2018 // Documentary, Short Film, Digital 2D

5:05
mins

Dir: Frédéric Schuld, Valentin Riedl


What is the film about?

Through art, Carlotta overcomes a rare brain condition that prevents her from recognizing faces.

What influenced it?

Carlotta vividly describes to us how a world without faces looks like. As a child, she got bullied by her teachers and classmates because she didn’t recognize them. She even doesn’t recognize herself in the mirror. Now in her 50s, Carlotta has developed a unique artistic form of haptic self-portraits over recent years. Using a lithographic approach, she finally recognizes herself in the hundreds of portraits she has been painting.

For CARLOTTA’S FACE, we were using animation to illustrate an unknown world where faces do not exist. The look of the animation is fully inspired by Carlotta’s art. The drawings in the film copy Carlotta’s rough chalk-like strokes and, similarly to lithography, most images in the film are negative, inverted images.

A little background information...

I (Valentin) work as a neuroscientist studying the human brain. While passing by a small, local art gallery in my hood in Munich, Germany, one of Carlotta’s self-portraits caught my attention. Only then, I learned that Carlotta suffers from prosopagnosia, or face blindness. Knowing about the miswiring of a specific, face processing brain region, I was fascinated that this deficit leads to such beautiful and captivating art. I then contacted Carlotta and for three years now, I have been following her life.

Valentin’s first encounter with his protagonist Carlotta was in a local art magazine. It showed one of Carlotta’s drawings noting that this was the self-portrait of a woman suffering from face blindness. At first, this picture looked like an accurate drawing of a face resembling the precise pencil drawings of Leonardo da Vinci. But looking closer, one realized that the proportions and individual aspects such as eyes and nose were completely off positioned and unrealistic.

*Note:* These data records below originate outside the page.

(* Let $n\ge 2$ be an integer and $0\le n_1\le n$. For $p\in(0.5,1]$, $q=1-p$ and $\rho\in[-1,1]$ define $$h(p,\rho)=\frac{pq}{(p-q)^2}\left(n+\frac{\rho\left((2n_1-n)^2-n\right)}{n-1}\right).$$ Then (i) $h(p,\rho)$ is monotonically increasing with respect to $\rho$ if $n_1/n\le \frac12-\frac{1}{2\sqrt n}$ or $n_1/n\ge \frac12+\frac{1}{2\sqrt n}$, and monotonically decreasing with respect to $\rho$ if $\frac12-\frac{1}{2\sqrt n}<n_1/n<\frac12+\frac{1}{2\sqrt n}$; (ii) $h(p,\rho)$ is monotonically decreasing with respect to $p\in(0.5,1]$.
   Context: $h(p,\rho)$ is the variance of the JRR frequency estimator; monotonicity in $\rho$ is for fixed $p$ and in $p$ for fixed $\rho$ (monotone in the non-strict sense where the coefficient of $\rho$ vanishes). *)

theory Defs
  imports Complex_Main
begin

definition jrr_h :: "nat \<Rightarrow> nat \<Rightarrow> real \<Rightarrow> real \<Rightarrow> real" where
  "jrr_h n n1 p \<rho> =
     (let q = 1 - p in
      (p * q / (p - q)^2) *
        (real n + \<rho> * ((2 * real n1 - real n)^2 - real n) / (real n - 1)))"

end

theory Submission
  imports Defs
begin

text \<open>
  For fixed \<open>p\<close> the variance \<open>h(p, \<rho>)\<close> is affine in \<open>\<rho>\<close> with slope
  \<open>pq/(p-q)\<^sup>2 \<cdot> ((2n\<^sub>1 - n)\<^sup>2 - n)/(n - 1)\<close>. Since \<open>pq/(p-q)\<^sup>2 \<ge> 0\<close>,
  its sign is that of \<open>(2n\<^sub>1 - n)\<^sup>2 - n\<close>, which is nonnegative exactly when
  \<open>\<bar>n\<^sub>1/n - 1/2\<bar> \<ge> 1/(2\<surd>n)\<close>. For fixed \<open>\<rho>\<close>, \<open>h\<close> is \<open>pq/(p-q)\<^sup>2 = (1/(2p-1)\<^sup>2 - 1)/4\<close>,
  which decreases on \<open>p > 1/2\<close>, times a factor that is nonnegative because
  \<open>-n \<le> (2n\<^sub>1 - n)\<^sup>2 - n \<le> n(n - 1)\<close> and \<open>\<bar>\<rho>\<bar> \<le> 1\<close>.
\<close>

lemma mono_on_affine:
  fixes a b :: "'a::linordered_ring"
  assumes "0 \<le> b"
  shows "mono_on S (\<lambda>x. a + x * b)"
  by (rule mono_onI) (simp add: assms mult_right_mono)

lemma antimono_on_affine:
  fixes a b :: "'a::linordered_ring"
  assumes "b \<le> 0"
  shows "antimono_on S (\<lambda>x. a + x * b)"
  by (rule monotone_onI) (simp add: assms mult_right_mono_neg)

lemma antimono_on_mult_right:
  fixes f :: "'a::order \<Rightarrow> 'b::ordered_semiring"
  assumes "antimono_on S f" and "0 \<le> c"
  shows "antimono_on S (\<lambda>x. f x * c)"
  using assms by (auto intro!: monotone_onI mult_right_mono dest: monotone_onD)

definition jrr_scale :: "real \<Rightarrow> real" where
  "jrr_scale p = p * (1 - p) / (2 * p - 1)^2"

lemma jrr_h_eq_scale:
  "jrr_h n n1 p \<rho> =
     jrr_scale p * (real n + \<rho> * ((2 * real n1 - real n)^2 - real n) / (real n - 1))"
proof -
  have "p - (1 - p) = 2 * p - 1" by simp
  then show ?thesis unfolding jrr_h_def jrr_scale_def Let_def by simp
qed

lemma jrr_scale_nonneg: "p \<in> {0..1} \<Longrightarrow> 0 \<le> jrr_scale p"
  unfolding jrr_scale_def by auto

lemma jrr_scale_eq:
  assumes "p \<noteq> 1/2"
  shows "jrr_scale p = (1 / (2 * p - 1)^2 - 1) / 4"
proof -
  have "(2 * p - 1)^2 \<noteq> 0" using assms by simp
  then have "(1 / (2 * p - 1)^2 - 1) / 4 = (1 - (2 * p - 1)^2) / (4 * (2 * p - 1)^2)"
    by (simp add: field_simps)
  also have "1 - (2 * p - 1)^2 = 4 * (p * (1 - p))" by (simp add: power2_eq_square algebra_simps)
  finally show ?thesis unfolding jrr_scale_def by simp
qed

lemma jrr_scale_antimono: "antimono_on {1/2<..} jrr_scale"
proof (rule monotone_onI)
  fix p p' :: real
  assume "p \<in> {1/2<..}" and "p \<le> p'"
  then have "1 / (2 * p' - 1)^2 \<le> 1 / (2 * p - 1)^2"
    by (intro divide_left_mono power_mono) auto
  with \<open>p \<in> {1/2<..}\<close> \<open>p \<le> p'\<close> show "jrr_scale p' \<le> jrr_scale p"
    by (simp add: jrr_scale_eq)
qed

lemma threshold_iff_square:
  fixes x y :: real
  assumes "0 < x"
  shows "(y / x \<le> 1/2 - 1 / (2 * sqrt x) \<or> y / x \<ge> 1/2 + 1 / (2 * sqrt x))
           \<longleftrightarrow> x \<le> (2 * y - x)^2"
proof -
  have "y / x \<le> 1/2 - 1 / (2 * sqrt x) \<longleftrightarrow> 2 * y \<le> x - x / sqrt x"
    using assms by (simp add: field_simps)
  then have lower: "y / x \<le> 1/2 - 1 / (2 * sqrt x) \<longleftrightarrow> sqrt x \<le> x - 2 * y"
    using assms by (auto simp: real_div_sqrt)
  have "y / x \<ge> 1/2 + 1 / (2 * sqrt x) \<longleftrightarrow> x + x / sqrt x \<le> 2 * y"
    using assms by (simp add: field_simps)
  then have upper: "y / x \<ge> 1/2 + 1 / (2 * sqrt x) \<longleftrightarrow> sqrt x \<le> 2 * y - x"
    using assms by (auto simp: real_div_sqrt)
  have "(y / x \<le> 1/2 - 1 / (2 * sqrt x) \<or> y / x \<ge> 1/2 + 1 / (2 * sqrt x))
          \<longleftrightarrow> sqrt x \<le> \<bar>2 * y - x\<bar>"
    unfolding lower upper by arith
  also have "\<dots> \<longleftrightarrow> sqrt x \<le> sqrt ((2 * y - x)^2)" by simp
  also have "\<dots> \<longleftrightarrow> x \<le> (2 * y - x)^2" by (rule real_sqrt_le_iff)
  finally show ?thesis .
qed

lemma jrr_factor_nonneg:
  fixes N m \<rho> :: real
  assumes "2 \<le> N" and "0 \<le> m" "m \<le> N" and "\<bar>\<rho>\<bar> \<le> 1"
  shows "0 \<le> N + \<rho> * ((2 * m - N)^2 - N) / (N - 1)"
proof -
  define X where "X = (2 * m - N)^2 - N"
  have "(2 * m - N)^2 \<le> N^2"
    using assms by (subst abs_le_square_iff[symmetric]) auto
  then have "X \<le> N * (N - 1)" by (simp add: X_def power2_eq_square algebra_simps)
  moreover have "- (N * (N - 1)) \<le> X"
  proof -
    have "N \<le> N * (N - 1)" using assms mult_left_mono[of 1 "N - 1" N] by simp
    then show ?thesis unfolding X_def using zero_le_power2[of "2 * m - N"] by linarith
  qed
  ultimately have "\<bar>X\<bar> \<le> N * (N - 1)" by linarith
  then have "\<bar>\<rho> * X\<bar> \<le> N * (N - 1)"
    using assms mult_mono[of "\<bar>\<rho>\<bar>" 1 "\<bar>X\<bar>" "N * (N - 1)"] by (simp add: abs_mult)
  then have "- N \<le> \<rho> * X / (N - 1)"
    using assms by (simp add: field_simps abs_le_iff)
  then show ?thesis unfolding X_def by linarith
qed

theorem theorem4:
  fixes n n1 :: nat
  assumes "n \<ge> 2" and "n1 \<le> n"
  shows "(\<forall>p\<in>{1/2<..1}.
            ((real n1 / real n \<le> 1/2 - 1 / (2 * sqrt (real n)) \<or>
              real n1 / real n \<ge> 1/2 + 1 / (2 * sqrt (real n)))
               \<longrightarrow> mono_on {-1..1} (\<lambda>\<rho>. jrr_h n n1 p \<rho>)) \<and>
            ((1/2 - 1 / (2 * sqrt (real n)) < real n1 / real n \<and>
              real n1 / real n < 1/2 + 1 / (2 * sqrt (real n)))
               \<longrightarrow> antimono_on {-1..1} (\<lambda>\<rho>. jrr_h n n1 p \<rho>)))
       \<and> (\<forall>\<rho>\<in>{-1..1}. antimono_on {1/2<..1} (\<lambda>p. jrr_h n n1 p \<rho>))"
proof -
  define X where "X = (2 * real n1 - real n)^2 - real n"
  have n_ge: "real n \<ge> 2" using assms by simp
  have affine: "(\<lambda>\<rho>. jrr_h n n1 p \<rho>) = (\<lambda>\<rho>. jrr_scale p * real n + \<rho> * (jrr_scale p * X / (real n - 1)))"
    for p unfolding jrr_h_eq_scale X_def by (simp add: algebra_simps)
  have threshold: "(real n1 / real n \<le> 1/2 - 1 / (2 * sqrt (real n)) \<or>
              real n1 / real n \<ge> 1/2 + 1 / (2 * sqrt (real n))) \<longleftrightarrow> 0 \<le> X"
    using threshold_iff_square[of "real n" "real n1"] n_ge by (simp add: X_def)
  have in_rho: "mono_on {-1..1} (\<lambda>\<rho>. jrr_h n n1 p \<rho>)" if "0 \<le> X" "p \<in> {1/2<..1}" for p
    unfolding affine using that n_ge jrr_scale_nonneg[of p] by (intro mono_on_affine) simp
  have anti_rho: "antimono_on {-1..1} (\<lambda>\<rho>. jrr_h n n1 p \<rho>)" if "X < 0" "p \<in> {1/2<..1}" for p
    unfolding affine using that n_ge jrr_scale_nonneg[of p]
    by (intro antimono_on_affine) (simp add: mult_nonneg_nonpos divide_nonpos_pos)
  have anti_p: "antimono_on {1/2<..1} (\<lambda>p. jrr_h n n1 p \<rho>)" if "\<rho> \<in> {-1..1}" for \<rho>
  proof -
    have "antimono_on {1/2<..1} jrr_scale"
      by (rule monotone_on_subset[OF jrr_scale_antimono]) auto
    moreover have "0 \<le> real n + \<rho> * ((2 * real n1 - real n)^2 - real n) / (real n - 1)"
      using that assms by (intro jrr_factor_nonneg) auto
    ultimately show ?thesis unfolding jrr_h_eq_scale by (rule antimono_on_mult_right)
  qed
  have strict_iff: "(1/2 - 1 / (2 * sqrt (real n)) < real n1 / real n \<and>
              real n1 / real n < 1/2 + 1 / (2 * sqrt (real n))) \<longleftrightarrow> X < 0"
    using threshold by linarith
  show ?thesis unfolding strict_iff threshold using in_rho anti_rho anti_p by blast
qed

end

This was the moment when Valentin knew that he wanted to do his next film about Carlotta.
Till then, he had written several drafts on stories around the science of brain and mind but was never really satisfied with his plots. No story so far would unite neuroscience and art as much as did Carlotta’s portraits. As a neuroscientist, he was driven by the question: How can this woman, and particularly her brain, produce such a captivating portrait of herself when she has never seen a face before?

How was the film made?

We looked over Carlotta’s self-portraits, which are all quite different from each other, and watched out for basic similarities that we could base our style concept on. Carlotta invented that style of “haptic self-portraits” to recognize herself. In almost complete darkness, she touches her face with one hand and draws her feelings with the other hand in a lithographic process. We watched out for abstract landscape structures, for patterns – we wanted to understand more about her method and at the same time we searched for a ground we could built our visual story on. After a certain time, we began collecting only the little details rather than looking at the whole portraits. So basically, we found our answer in the smallest pieces and ended up recycling details and painting from Carlotta’s work in order to put together completely new images instead of imitating her style. There is only one original full self-portrait in the film – in the last scene.

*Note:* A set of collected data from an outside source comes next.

lemma paul_wins_if_quasiball_family:
  assumes "quasiball_family q x E lv S" and "\<forall>w\<in>hypercube q. P (card {e\<in>E. w \<in> S e})"
  shows "paul_wins (\<lambda>y. P (sum_list y)) q x"
  using assms
proof (induction q arbitrary: x E lv S)
  case 0
  then have "S e = {[]}" if "e \<in> E" for e
    using that by (auto simp: quasiball_family_def quasiball_0_iff)
  then have "{e\<in>E. [] \<in> S e} = E" by auto
  then show ?case using 0 card_quasiball_family[OF "0.prems"(1)] by (auto simp: hypercube_def)
next
  case (Suc q)
  have "\<forall>e\<in>E. \<exists>b. quasiball_residuals q (length x - 1 - lv e) b (S e)"
    using Suc.prems(1) by (auto simp: quasiball_family_def intro: quasiball_Suc_imp_residuals)
  then obtain kept_by
    where residuals: "\<And>e. e \<in> E \<Longrightarrow> quasiball_residuals q (length x - 1 - lv e) (kept_by e) (S e)"
    by metis
  define a where "a = map (\<lambda>i. card {e\<in>E. kept_by e \<and> lv e = i}) [0..<length x]"
  have "paul_wins (\<lambda>y. P (sum_list y)) q (answer_state x a c)" for c
  proof (rule Suc.IH)
    show "quasiball_family q (answer_state x a c) {e\<in>E. kept_by e = c \<or> Suc (lv e) < length x}
        (\<lambda>e. if kept_by e = c then lv e else Suc (lv e)) (\<lambda>e. {w. c # w \<in> S e})"
      using Suc.prems(1) residuals a_def by (rule answer_residual_family)
    show "\<forall>w\<in>hypercube q.
        P (card {e\<in>{e\<in>E. kept_by e = c \<or> Suc (lv e) < length x}. w \<in> {w. c # w \<in> S e}})"
      using Suc.prems answer_residual_members[OF Suc.prems(1) residuals a_def]
      by (simp add: hypercube_def)
  qed
  moreover have "legal_question x a"
    using Suc.prems(1) residuals a_def by (rule legal_question_kept_by_counts)
  ultimately show ?case unfolding paul_wins_Suc_iff by blast
qed

text \<open>
  Chip \<open>(i, j)\<close> is the \<open>j\<close>-th element with \<open>i\<close> lies, the \<open>a ! i\<close> elements of the question coming
  first. After answer \<open>c\<close> it becomes chip \<open>answer_chip x a c (i, j)\<close> of the child state, where each
  level lists first the elements that kept their number of lies; level \<open>length x\<close> means the
  element is eliminated.
\<close>

definition chips :: "nat list \<Rightarrow> (nat \<times> nat) set" where
  "chips x = (SIGMA i:{..<length x}. {..<x ! i})"

lemma finite_chips [simp]: "finite (chips x)"
  by (simp add: chips_def)

lemma quasiball_family_chips_iff:
  "quasiball_family q x (chips x) fst S \<longleftrightarrow> (\<forall>ch\<in>chips x. quasiball q (length x - 1 - fst ch) (S ch))"
proof -
  have "{ch \<in> chips x. fst ch = i} = Pair i ` {..<x ! i}" if "i < length x" for i
    using that by (auto simp: chips_def)
  then have "card {ch \<in> chips x. fst ch = i} = x ! i" if "i < length x" for i
    using that by (simp add: card_image inj_on_def)
  then show ?thesis by (auto simp: quasiball_family_def chips_def)
qed

definition yes_chip :: "nat list \<Rightarrow> nat \<times> nat \<Rightarrow> nat \<times> nat" where
  "yes_chip a = (\<lambda>(i, j). if j < a ! i then (i, j) else (Suc i, a ! Suc i + (j - a ! i)))"

definition no_chip :: "nat list \<Rightarrow> nat list \<Rightarrow> nat \<times> nat \<Rightarrow> nat \<times> nat" where
  "no_chip x a = (\<lambda>(i, j). if j < a ! i then (Suc i, x ! Suc i - a ! Suc i + j) else (i, j - a ! i))"

definition answer_chip :: "nat list \<Rightarrow> nat list \<Rightarrow> bool \<Rightarrow> nat \<times> nat \<Rightarrow> nat \<times> nat" where
  "answer_chip x a c = (if c then yes_chip a else no_chip x a)"

lemma fst_answer_chip: "fst (answer_chip x a c (i, j)) = (if c = (j < a ! i) then i else Suc i)"
  by (simp add: answer_chip_def yes_chip_def no_chip_def)

lemma bij_betw_yes_chip:
  assumes "legal_question x a"
  shows "bij_betw (yes_chip a) {ch \<in> chips x. fst (yes_chip a ch) < length x} (chips (yes_state x a))"
proof -
  have le: "a ! i \<le> x ! i" if "i < length x" for i
    using assms that by (simp add: legal_question_def)
  define prev where
    "prev = (\<lambda>(i, j). if j < a ! i then (i, j) else (i - 1, a ! (i - 1) + (j - a ! i)))"
  have to_answer: "yes_chip a (i, j) \<in> chips (yes_state x a) \<and> prev (yes_chip a (i, j)) = (i, j)"
    if "(i, j) \<in> chips x" "fst (yes_chip a (i, j)) < length x" for i j
    using that le[of i]
    by (auto simp: yes_chip_def prev_def chips_def nth_yes_state split: if_splits)
  have from_answer:
    "prev (i, j) \<in> chips x \<and> fst (yes_chip a (prev (i, j))) < length x \<and>
     yes_chip a (prev (i, j)) = (i, j)"
    if "(i, j) \<in> chips (yes_state x a)" for i j
    using that le[of i] le[of "i - 1"]
    by (cases i) (auto simp: yes_chip_def prev_def chips_def nth_yes_state)
  show ?thesis
    by (rule bij_betw_byWitness[where f' = prev]) (use to_answer from_answer in fastforce)+
qed

lemma bij_betw_no_chip:
  assumes "legal_question x a"
  shows "bij_betw (no_chip x a) {ch \<in> chips x. fst (no_chip x a ch) < length x} (chips (no_state x a))"
proof -
  have le: "a ! i \<le> x ! i" if "i < length x" for i
    using assms that by (simp add: legal_question_def)
  define prev where
    "prev = (\<lambda>(i, j). if j < x ! i - a ! i then (i, a ! i + j) else (i - 1, j - (x ! i - a ! i)))"
  have to_answer: "no_chip x a (i, j) \<in> chips (no_state x a) \<and> prev (no_chip x a (i, j)) = (i, j)"
    if "(i, j) \<in> chips x" "fst (no_chip x a (i, j)) < length x" for i j
    using that le[of i] le[of "Suc i"]
    by (auto simp: no_chip_def prev_def chips_def nth_no_state split: if_splits)
  have from_answer:
    "prev (i, j) \<in> chips x \<and> fst (no_chip x a (prev (i, j))) < length x \<and>
     no_chip x a (prev (i, j)) = (i, j)"
    if "(i, j) \<in> chips (no_state x a)" for i j
    using that le[of i] le[of "i - 1"]
    by (cases i) (auto simp: no_chip_def prev_def chips_def nth_no_state)
  show ?thesis
    by (rule bij_betw_byWitness[where f' = prev]) (use to_answer from_answer in fastforce)+
qed

lemma bij_betw_answer_chip:
  "legal_question x a \<Longrightarrow>
     bij_betw (answer_chip x a c) {ch \<in> chips x. fst (answer_chip x a c ch) < length x}
       (chips (answer_state x a c))"
  by (cases c) (simp_all add: answer_chip_def answer_state_def bij_betw_yes_chip bij_betw_no_chip)

lemma card_Collect_bij_betw:
  assumes "bij_betw f A B"
  shows "card {a \<in> A. P (f a)} = card {b \<in> B. P b}"
proof -
  have "f ` {a \<in> A. P (f a)} = {b \<in> B. P b}"
    using assms by (auto simp: bij_betw_def)
  then have "bij_betw f {a \<in> A. P (f a)} {b \<in> B. P b}"
    by (rule bij_betw_subset[OF assms, rotated]) blast
  then show ?thesis by (rule bij_betw_same_card)
qed

definition merged_ball ::
    "nat list \<Rightarrow> nat list \<Rightarrow> (bool \<Rightarrow> nat \<times> nat \<Rightarrow> bool list set) \<Rightarrow> nat \<times> nat \<Rightarrow> bool list set" where
  "merged_ball x a T ch =
     (\<Union>c. Cons c ` (if fst (answer_chip x a c ch) < length x then T c (answer_chip x a c ch) else {}))"

lemma Cons_mem_merged_ball_iff:
  "c # w \<in> merged_ball x a T ch \<longleftrightarrow>
     fst (answer_chip x a c ch) < length x \<and> w \<in> T c (answer_chip x a c ch)"
  by (auto simp: merged_ball_def)

lemma card_merged_ball:
  assumes "legal_question x a"
  shows "card {ch \<in> chips x. c # w \<in> merged_ball x a T ch} =
    card {ch \<in> chips (answer_state x a c). w \<in> T c ch}"
proof -
  have "{ch \<in> chips x. c # w \<in> merged_ball x a T ch} =
      {ch \<in> {ch \<in> chips x. fst (answer_chip x a c ch) < length x}. w \<in> T c (answer_chip x a c ch)}"
    by (auto simp: Cons_mem_merged_ball_iff)
  then show ?thesis using card_Collect_bij_betw[OF bij_betw_answer_chip[OF assms]] by simp
qed

lemma quasiball_merged_ball:
  assumes legal: "legal_question x a"
    and T: "\<And>c. \<forall>ch\<in>chips (answer_state x a c). quasiball q (length x - 1 - fst ch) (T c ch)"
    and ch: "(i, j) \<in> chips x"
  shows "quasiball (Suc q) (length x - 1 - i) (merged_ball x a T (i, j))"
proof -
  define b where "b = (j < a ! i)"
  define R where
    "R c = (if fst (answer_chip x a c (i, j)) < length x then T c (answer_chip x a c (i, j))
      else {})" for c
  have ball_R: "quasiball q (length x - 1 - fst (answer_chip x a c (i, j))) (R c)"
    if "fst (answer_chip x a c (i, j)) < length x" for c
    using T bij_betw_apply[OF bij_betw_answer_chip[OF legal]] that ch by (simp add: R_def)
  have "merged_ball x a T (i, j) = (\<Union>c. Cons c ` R c)"
    by (simp add: merged_ball_def R_def)
  also have "\<dots> = Cons b ` R b \<union> Cons (\<not> b) ` R (\<not> b)"
    by (cases b) (auto simp: UNIV_bool)
  finally have "merged_ball x a T (i, j) = Cons b ` R b \<union> Cons (\<not> b) ` R (\<not> b)" .
  moreover have "quasiball q (length x - 1 - i) (R b)"
    using ball_R[of b] ch by (simp add: fst_answer_chip b_def chips_def)
  moreover have "lower_quasiball q (length x - 1 - i) (R (\<not> b))"
  proof (cases "Suc i < length x")
    case True
    have "fst (answer_chip x a (\<not> b) (i, j)) = Suc i" by (simp add: fst_answer_chip b_def)
    then have "quasiball q (length x - 1 - Suc i) (R (\<not> b))" using ball_R[of "\<not> b"] True by simp
    moreover have "length x - 1 - Suc i = length x - 1 - i - 1" "length x - 1 - i \<noteq> 0"
      using True by auto
    ultimately show ?thesis by (simp add: lower_quasiball_def)
  next
    case False
    then show ?thesis
      using ch by (simp add: fst_answer_chip b_def lower_quasiball_def R_def chips_def)
  qed
  ultimately show ?thesis by (simp add: quasiball_SucI)
qed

We used TVPaint and created two custom animated brushes out of the scans of herself portraits. Each brush contained around 80 single frames, that were animated randomly on different triggers like drawing speed, pressure, angle, etc. The grainy structure gace us a charcoal look for thinner lines and for the bigger shapes we used the other brush which was able to spray the scanned particles out like an aerosol can. I drew the basic shapes simply with the lasso tool and filled them. Before deciding for this workflow we experimented analog on different paper structures with charcoal and brushes, compared it – but finally decided for the digital brush workflow based on scans.